— TASK INPUTS —
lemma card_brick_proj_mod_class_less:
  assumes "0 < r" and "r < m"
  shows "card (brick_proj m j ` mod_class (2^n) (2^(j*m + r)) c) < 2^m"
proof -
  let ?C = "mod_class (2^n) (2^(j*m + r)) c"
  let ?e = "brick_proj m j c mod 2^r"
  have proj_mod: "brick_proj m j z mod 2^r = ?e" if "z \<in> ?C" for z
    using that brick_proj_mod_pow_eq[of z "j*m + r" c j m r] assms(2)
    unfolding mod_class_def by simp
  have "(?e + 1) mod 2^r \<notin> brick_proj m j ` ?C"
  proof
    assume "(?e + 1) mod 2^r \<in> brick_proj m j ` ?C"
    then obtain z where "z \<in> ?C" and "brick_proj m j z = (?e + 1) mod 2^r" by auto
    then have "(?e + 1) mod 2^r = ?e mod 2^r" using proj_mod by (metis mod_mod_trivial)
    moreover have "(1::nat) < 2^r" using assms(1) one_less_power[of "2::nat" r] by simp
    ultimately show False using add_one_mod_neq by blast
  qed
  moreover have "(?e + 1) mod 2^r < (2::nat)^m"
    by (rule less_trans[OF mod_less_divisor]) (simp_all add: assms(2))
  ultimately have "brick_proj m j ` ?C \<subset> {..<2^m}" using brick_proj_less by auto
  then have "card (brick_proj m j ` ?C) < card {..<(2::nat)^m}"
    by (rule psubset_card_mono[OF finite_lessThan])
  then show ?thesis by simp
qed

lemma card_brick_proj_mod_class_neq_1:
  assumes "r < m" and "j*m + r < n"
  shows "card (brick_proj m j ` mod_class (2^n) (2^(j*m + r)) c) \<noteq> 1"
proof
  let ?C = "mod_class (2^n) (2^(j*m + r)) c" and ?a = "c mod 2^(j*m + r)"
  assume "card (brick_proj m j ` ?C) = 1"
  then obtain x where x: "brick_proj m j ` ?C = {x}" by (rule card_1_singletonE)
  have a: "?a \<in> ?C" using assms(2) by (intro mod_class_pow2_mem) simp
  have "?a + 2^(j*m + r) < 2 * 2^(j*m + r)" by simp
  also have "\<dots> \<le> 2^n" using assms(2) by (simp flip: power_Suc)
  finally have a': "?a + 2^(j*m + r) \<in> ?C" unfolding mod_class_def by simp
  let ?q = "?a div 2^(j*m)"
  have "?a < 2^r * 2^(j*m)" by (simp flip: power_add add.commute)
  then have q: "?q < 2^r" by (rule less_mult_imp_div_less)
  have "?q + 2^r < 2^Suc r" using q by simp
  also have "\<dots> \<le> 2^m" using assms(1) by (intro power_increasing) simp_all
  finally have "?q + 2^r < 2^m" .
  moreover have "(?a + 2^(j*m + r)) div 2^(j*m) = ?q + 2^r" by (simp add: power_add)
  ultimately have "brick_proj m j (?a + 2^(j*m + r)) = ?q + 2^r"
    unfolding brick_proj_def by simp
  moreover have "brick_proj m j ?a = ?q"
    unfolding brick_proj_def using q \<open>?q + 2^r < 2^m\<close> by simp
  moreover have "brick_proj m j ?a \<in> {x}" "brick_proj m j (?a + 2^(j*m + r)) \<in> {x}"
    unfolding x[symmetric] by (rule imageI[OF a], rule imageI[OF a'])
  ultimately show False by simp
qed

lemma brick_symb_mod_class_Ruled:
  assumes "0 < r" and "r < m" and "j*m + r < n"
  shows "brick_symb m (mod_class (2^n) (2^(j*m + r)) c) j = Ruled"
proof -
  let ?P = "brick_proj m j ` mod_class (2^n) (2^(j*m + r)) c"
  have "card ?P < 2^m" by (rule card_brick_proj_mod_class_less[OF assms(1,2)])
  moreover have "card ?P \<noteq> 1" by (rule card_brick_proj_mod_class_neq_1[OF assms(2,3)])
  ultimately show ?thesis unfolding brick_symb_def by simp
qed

...

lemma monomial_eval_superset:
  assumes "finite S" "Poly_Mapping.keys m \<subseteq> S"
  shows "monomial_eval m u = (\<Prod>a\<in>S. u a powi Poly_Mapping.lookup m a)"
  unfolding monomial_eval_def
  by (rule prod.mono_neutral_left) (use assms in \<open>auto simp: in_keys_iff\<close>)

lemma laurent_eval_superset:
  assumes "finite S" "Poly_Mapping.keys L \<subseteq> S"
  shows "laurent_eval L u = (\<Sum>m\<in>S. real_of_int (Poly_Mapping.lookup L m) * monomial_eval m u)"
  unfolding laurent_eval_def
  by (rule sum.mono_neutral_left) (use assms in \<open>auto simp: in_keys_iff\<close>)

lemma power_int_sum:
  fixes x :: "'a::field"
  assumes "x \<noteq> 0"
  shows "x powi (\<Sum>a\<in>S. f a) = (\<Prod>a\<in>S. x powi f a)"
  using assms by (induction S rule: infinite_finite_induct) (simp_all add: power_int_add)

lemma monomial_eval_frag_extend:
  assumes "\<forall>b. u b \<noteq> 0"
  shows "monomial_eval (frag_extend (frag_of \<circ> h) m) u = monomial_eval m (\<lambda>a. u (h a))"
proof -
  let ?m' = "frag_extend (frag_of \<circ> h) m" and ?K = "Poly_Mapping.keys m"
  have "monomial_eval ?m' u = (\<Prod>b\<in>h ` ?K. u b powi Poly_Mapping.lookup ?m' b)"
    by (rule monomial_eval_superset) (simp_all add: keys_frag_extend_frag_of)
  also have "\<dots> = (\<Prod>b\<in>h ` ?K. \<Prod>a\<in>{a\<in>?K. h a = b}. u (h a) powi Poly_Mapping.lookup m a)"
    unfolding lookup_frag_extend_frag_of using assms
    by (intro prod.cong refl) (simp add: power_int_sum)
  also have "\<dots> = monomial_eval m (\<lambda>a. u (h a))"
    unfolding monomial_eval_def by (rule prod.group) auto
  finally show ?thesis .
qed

---

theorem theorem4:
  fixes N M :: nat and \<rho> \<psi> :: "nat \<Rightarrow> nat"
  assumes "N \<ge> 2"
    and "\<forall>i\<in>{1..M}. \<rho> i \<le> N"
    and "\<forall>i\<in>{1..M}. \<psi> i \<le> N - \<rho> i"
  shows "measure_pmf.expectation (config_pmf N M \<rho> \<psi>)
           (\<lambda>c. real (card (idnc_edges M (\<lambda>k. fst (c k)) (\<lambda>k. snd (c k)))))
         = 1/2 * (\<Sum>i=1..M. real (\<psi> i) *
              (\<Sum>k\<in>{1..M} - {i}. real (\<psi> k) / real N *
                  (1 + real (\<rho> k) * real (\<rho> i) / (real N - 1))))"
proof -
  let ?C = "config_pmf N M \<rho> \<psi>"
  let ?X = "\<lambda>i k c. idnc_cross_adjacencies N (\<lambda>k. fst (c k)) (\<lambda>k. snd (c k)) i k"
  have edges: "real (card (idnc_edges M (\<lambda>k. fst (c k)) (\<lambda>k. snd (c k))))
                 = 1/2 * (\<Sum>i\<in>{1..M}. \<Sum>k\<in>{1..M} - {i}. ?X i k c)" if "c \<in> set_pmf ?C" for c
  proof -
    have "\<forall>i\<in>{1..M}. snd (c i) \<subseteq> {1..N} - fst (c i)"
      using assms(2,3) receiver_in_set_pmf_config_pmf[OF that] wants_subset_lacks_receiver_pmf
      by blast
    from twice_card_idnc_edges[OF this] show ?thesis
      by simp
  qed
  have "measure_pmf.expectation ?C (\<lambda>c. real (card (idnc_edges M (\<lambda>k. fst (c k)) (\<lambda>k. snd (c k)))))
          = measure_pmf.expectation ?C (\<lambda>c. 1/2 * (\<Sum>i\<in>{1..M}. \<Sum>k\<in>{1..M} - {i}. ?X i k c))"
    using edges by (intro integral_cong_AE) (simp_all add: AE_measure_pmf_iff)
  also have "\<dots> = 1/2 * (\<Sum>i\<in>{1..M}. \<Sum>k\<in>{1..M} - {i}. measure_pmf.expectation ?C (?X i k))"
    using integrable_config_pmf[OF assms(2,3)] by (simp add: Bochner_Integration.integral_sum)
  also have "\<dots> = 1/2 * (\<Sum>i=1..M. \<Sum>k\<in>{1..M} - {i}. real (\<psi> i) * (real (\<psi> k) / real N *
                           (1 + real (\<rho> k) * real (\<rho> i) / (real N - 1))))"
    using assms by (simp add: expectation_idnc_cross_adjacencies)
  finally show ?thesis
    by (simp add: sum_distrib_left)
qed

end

— AIM OF THE EXERCISE —
Retype only the stretch of lines above starting at the one with "brick_proj_less by auto" and stopping at the one with "flip: power_add add.commute)", exactly as written, with both kept.

— ANSWER BELOW —
  ultimately have "brick_proj m j ` ?C \<subset> {..<2^m}" using brick_proj_less by auto
  then have "card (brick_proj m j ` ?C) < card {..<(2::nat)^m}"
    by (rule psubset_card_mono[OF finite_lessThan])
  then show ?thesis by simp
qed

lemma card_brick_proj_mod_class_neq_1:
  assumes "r < m" and "j*m + r < n"
  shows "card (brick_proj m j ` mod_class (2^n) (2^(j*m + r)) c) \<noteq> 1"
proof
  let ?C = "mod_class (2^n) (2^(j*m + r)) c" and ?a = "c mod 2^(j*m + r)"
  assume "card (brick_proj m j ` ?C) = 1"
  then obtain x where x: "brick_proj m j ` ?C = {x}" by (rule card_1_singletonE)
  have a: "?a \<in> ?C" using assms(2) by (intro mod_class_pow2_mem) simp
  have "?a + 2^(j*m + r) < 2 * 2^(j*m + r)" by simp
  also have "\<dots> \<le> 2^n" using assms(2) by (simp flip: power_Suc)
  finally have a': "?a + 2^(j*m + r) \<in> ?C" unfolding mod_class_def by simp
  let ?q = "?a div 2^(j*m)"
  have "?a < 2^r * 2^(j*m)" by (simp flip: power_add add.commute)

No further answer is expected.